Task to complete
Which lines of the material contain the word "cells"? Show each one.

Source data
(* Let $n\ge 1$, $G=\langle a_1,b_1,\ldots,a_n,b_n \mid p_1p_2\cdots p_n\rangle$ with $p_i=a_ib_ia_i^{-1}b_i^{-1}$, $p=p_1\cdots p_n$, and let $P$ be the free resolution $0\to P_2\xrightarrow{d_2}P_1\xrightarrow{d_1}P_0\xrightarrow{\varepsilon}\mathbb{Z}\to0$ of $\mathbb{Z}$ over $\mathbb{Z}G$ with $P_0=\mathbb{Z}G\,x$, $P_1$ free on $y_1,\ldots,y_n,z_1,\ldots,z_n$, $P_2=\mathbb{Z}G\,w$, $\varepsilon(x)=1$, $d_1(y_i)=(a_i-1)x$, $d_1(z_i)=(b_i-1)x$, $d_2(w)=\sum_{i=1}^n\bigl(\frac{\partial p}{\partial a_i}y_i+\frac{\partial p}{\partial b_i}z_i\bigr)$. Then there is a diagonal approximation $\Delta\colon P\to P\otimes P$ such that \begin{align*} &\Delta_0(x)=x\otimes x,\qquad \Delta_1(y_i)=y_i\otimes a_ix+x\otimes y_i,\qquad \Delta_1(z_i)=z_i\otimes b_ix+x\otimes z_i,\\ &\Delta_{02}(w)=x\otimes w, \end{align*} and \begin{align*} \Delta_{11}(w)={}&\sum_{i=1}^n\Bigl[\sum_{j=1}^{i-1}(p_1\cdots p_{j-1})(1-a_jb_ja_j^{-1})y_j\otimes(p_1\cdots p_{i-1})y_i\\ &\qquad+\sum_{j=1}^{i-1}(p_1\cdots p_{j-1})a_j(1-b_ja_j^{-1}b_j^{-1})z_j\otimes(p_1\cdots p_{i-1})y_i\Bigr]\\ &-\sum_{i=1}^{n-1}\Bigl[\sum_{j=1}^{i-1}\Bigl((p_1\cdots p_{j-1})(1-a_jb_ja_j^{-1})y_j\otimes(p_1\cdots p_{i-1})a_ib_ia_i^{-1}y_i\\ &\qquad\qquad+(p_1\cdots p_{j-1})a_j(1-b_ja_j^{-1}b_j^{-1})z_j\otimes(p_1\cdots p_{i-1})a_ib_ia_i^{-1}y_i\Bigr)\\ &\qquad+(p_1\cdots p_{i-1})(1-a_ib_ia_i^{-1})y_i\otimes(p_1\cdots p_{i-1})a_ib_ia_i^{-1}y_i\\ &\qquad+(p_1\cdots p_{i-1})a_iz_i\otimes(p_1\cdots p_{i-1})a_ib_ia_i^{-1}y_i\Bigr]\\ &+\sum_{i=1}^{n}\Bigl[\sum_{j=1}^{i-1}\Bigl((p_1\cdots p_{j-1})(1-a_jb_ja_j^{-1})y_j\otimes(p_1\cdots p_{i-1})a_iz_i\\ &\qquad\qquad+(p_1\cdots p_{j-1})a_j(1-b_ja_j^{-1}b_j^{-1})z_j\otimes(p_1\cdots p_{i-1})a_iz_i\Bigr)\\ &\qquad+(p_1\cdots p_{i-1})y_i\otimes(p_1\cdots p_{i-1})a_iz_i\Bigr]\\ &-\sum_{i=1}^{n-1}\Bigl[\sum_{j=1}^{i}\Bigl((p_1\cdots p_{j-1})(1-a_jb_ja_j^{-1})y_j\otimes(p_1\cdots p_i)z_i\\ &\qquad\qquad+(p_1\cdots p_{j-1})a_j(1-b_ja_j^{-1}b_j^{-1})z_j\otimes(p_1\cdots p_i)z_i\Bigr)\Bigr]\\ &-z_n\otimes b_ny_n. \end{align*}
   Context: Fox derivatives: for a free group on generators $g_1,\dots,g_m$, $\partial/\partial g_i$ is the additive map with $\partial g_j/\partial g_i=\delta_{ij}$ and $\partial(uv)/\partial g_i=\partial u/\partial g_i+u\,\partial v/\partial g_i$, followed by passage to $\mathbb{Z}G$. The complex $P\otimes P$ has $(P\otimes P)_m=\bigoplus_{r+s=m}P_r\otimes_{\mathbb{Z}}P_s$, with $G$ acting diagonally, $g(u\otimes v)=gu\otimes gv$, differential $\partial(u\otimes v)=du\otimes v+(-1)^r u\otimes dv$ for $u\in P_r$, and augmentation $\varepsilon\otimes\varepsilon\colon P_0\otimes P_0\to\mathbb{Z}\otimes\mathbb{Z}\cong\mathbb{Z}$; it is again a free resolution of $\mathbb{Z}$ over $\mathbb{Z}G$. A diagonal approximation is a $\mathbb{Z}G$-chain map $\Delta\colon P\to P\otimes P$ with $(\varepsilon\otimes\varepsilon)\Delta_0=\varepsilon$. For $r+s=m$, $\Delta_{rs}\colon P_m\to P_r\otimes P_s$ denotes $\Delta_m$ followed by the projection onto the summand $P_r\otimes P_s$. Empty products $p_1\cdots p_0$ equal $1$, and empty sums are $0$. *)

theory Defs
  imports Main "HOL-Library.Function_Algebras"
begin

text \<open>A letter (i, b, e): generator a_i (b = False) or b_i (b = True), inverted iff e.\<close>
type_synonym letter = "nat \<times> bool \<times> bool"
type_synonym word = "letter list"

definition letters :: "nat \<Rightarrow> letter set" where
  "letters n = {(i, b, e). 1 \<le> i \<and> i \<le> n}"

definition words :: "nat \<Rightarrow> word set" where
  "words n = lists (letters n)"

fun inv_letter :: "letter \<Rightarrow> letter" where
  "inv_letter (i, b, e) = (i, b, \<not> e)"

definition la :: "nat \<Rightarrow> letter" where "la i = (i, False, False)"
definition lb :: "nat \<Rightarrow> letter" where "lb i = (i, True, False)"
definition lai :: "nat \<Rightarrow> letter" where "lai i = (i, False, True)"
definition lbi :: "nat \<Rightarrow> letter" where "lbi i = (i, True, True)"

definition comm :: "nat \<Rightarrow> word" where
  "comm i = [la i, lb i, lai i, lbi i]"

definition pw :: "nat \<Rightarrow> word" where
  "pw k = concat (map comm [1..<k+1])"

inductive step :: "nat \<Rightarrow> word \<Rightarrow> word \<Rightarrow> bool" for n where
  free: "\<lbrakk>u \<in> words n; v \<in> words n; l \<in> letters n\<rbrakk>
          \<Longrightarrow> step n (u @ [l, inv_letter l] @ v) (u @ v)"
| rel: "\<lbrakk>u \<in> words n; v \<in> words n\<rbrakk> \<Longrightarrow> step n (u @ pw n @ v) (u @ v)"

definition wequiv :: "nat \<Rightarrow> word \<Rightarrow> word \<Rightarrow> bool" where
  "wequiv n u v \<longleftrightarrow> u \<in> words n \<and> (\<lambda>x y. step n x y \<or> step n y x)\<^sup>*\<^sup>* u v"

definition cls :: "nat \<Rightarrow> word \<Rightarrow> word set" where
  "cls n w = {v. wequiv n w v}"

definition Gcar :: "nat \<Rightarrow> word set set" where
  "Gcar n = cls n ` words n"

definition gmul :: "nat \<Rightarrow> word set \<Rightarrow> word set \<Rightarrow> word set" where
  "gmul n g h = cls n ((SOME u. u \<in> g) @ (SOME v. v \<in> h))"

datatype gen = X | Y nat | Z nat | W

fun deg :: "gen \<Rightarrow> nat" where
  "deg X = 0" | "deg (Y i) = 1" | "deg (Z i) = 1" | "deg W = 2"

fun valid_gen :: "nat \<Rightarrow> gen \<Rightarrow> bool" where
  "valid_gen n X = True"
| "valid_gen n (Y i) = (1 \<le> i \<and> i \<le> n)"
| "valid_gen n (Z i) = (1 \<le> i \<and> i \<le> n)"
| "valid_gen n W = True"

text \<open>A cell (g, e) is the Z-basis element g e of P_r (g in G, e a free ZG-generator).\<close>
type_synonym cell = "word set \<times> gen"

definition cells :: "nat \<Rightarrow> nat \<Rightarrow> cell set" where
  "cells n r = {(g, e). g \<in> Gcar n \<and> valid_gen n e \<and> deg e = r}"

definition supp :: "('a \<Rightarrow> 'b::zero) \<Rightarrow> 'a set" where
  "supp f = {c. f c \<noteq> 0}"

definition Pmod :: "nat \<Rightarrow> nat \<Rightarrow> (cell \<Rightarrow> int) set" where
  "Pmod n r = {f. finite (supp f) \<and> supp f \<subseteq> cells n r}"

text \<open>(P \<otimes> P)_m = direct sum of P_r \<otimes>_Z P_s (r + s = m), realised as the free abelian
  group on pairs of cells.\<close>
definition PPmod :: "nat \<Rightarrow> nat \<Rightarrow> (cell \<times> cell \<Rightarrow> int) set" where
  "PPmod n m = {F. finite (supp F) \<and>
     supp F \<subseteq> {(c, c'). \<exists>r s. c \<in> cells n r \<and> c' \<in> cells n s \<and> r + s = m}}"

definition bv :: "'a \<Rightarrow> 'a \<Rightarrow> int" where
  "bv c = (\<lambda>d. if d = c then 1 else 0)"

definition tens :: "('a \<Rightarrow> int) \<Rightarrow> ('b \<Rightarrow> int) \<Rightarrow> ('a \<times> 'b \<Rightarrow> int)" where
  "tens f f' = (\<lambda>(c, c'). f c * f' c')"

definition lext :: "('a \<Rightarrow> int) \<Rightarrow> ('a \<Rightarrow> 'b \<Rightarrow> int) \<Rightarrow> ('b \<Rightarrow> int)" where
  "lext f \<phi> = (\<lambda>d. \<Sum>c\<in>supp f. f c * \<phi> c d)"

definition act :: "nat \<Rightarrow> word set \<Rightarrow> (cell \<Rightarrow> int) \<Rightarrow> (cell \<Rightarrow> int)" where
  "act n g f = lext f (\<lambda>(h, e). bv (gmul n g h, e))"

definition act2 :: "nat \<Rightarrow> word set \<Rightarrow> (cell \<times> cell \<Rightarrow> int) \<Rightarrow> (cell \<times> cell \<Rightarrow> int)" where
  "act2 n g F = lext F (\<lambda>((h, e), (h', e')). tens (bv (gmul n g h, e)) (bv (gmul n g h', e')))"

text \<open>Fox derivatives, as formal integer combinations of words.\<close>
fun fox_letter :: "nat \<times> bool \<Rightarrow> letter \<Rightarrow> (word \<times> int) list" where
  "fox_letter g (i, b, e) =
     (if (i, b) = g then (if e then [([(i, b, True)], -1)] else [([], 1)]) else [])"

fun fox :: "nat \<times> bool \<Rightarrow> word \<Rightarrow> (word \<times> int) list" where
  "fox g [] = []"
| "fox g (l # v) = fox_letter g l @ map (\<lambda>(u, k). (l # u, k)) (fox g v)"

Answer for the task
definition cells :: "nat \<Rightarrow> nat \<Rightarrow> cell set" where
  "cells n r = {(g, e). g \<in> Gcar n \<and> valid_gen n e \<and> deg e = r}"
  "Pmod n r = {f. finite (supp f) \<and> supp f \<subseteq> cells n r}"
  group on pairs of cells.\<close>
     supp F \<subseteq> {(c, c'). \<exists>r s. c \<in> cells n r \<and> c' \<in> cells n s \<and> r + s = m}}"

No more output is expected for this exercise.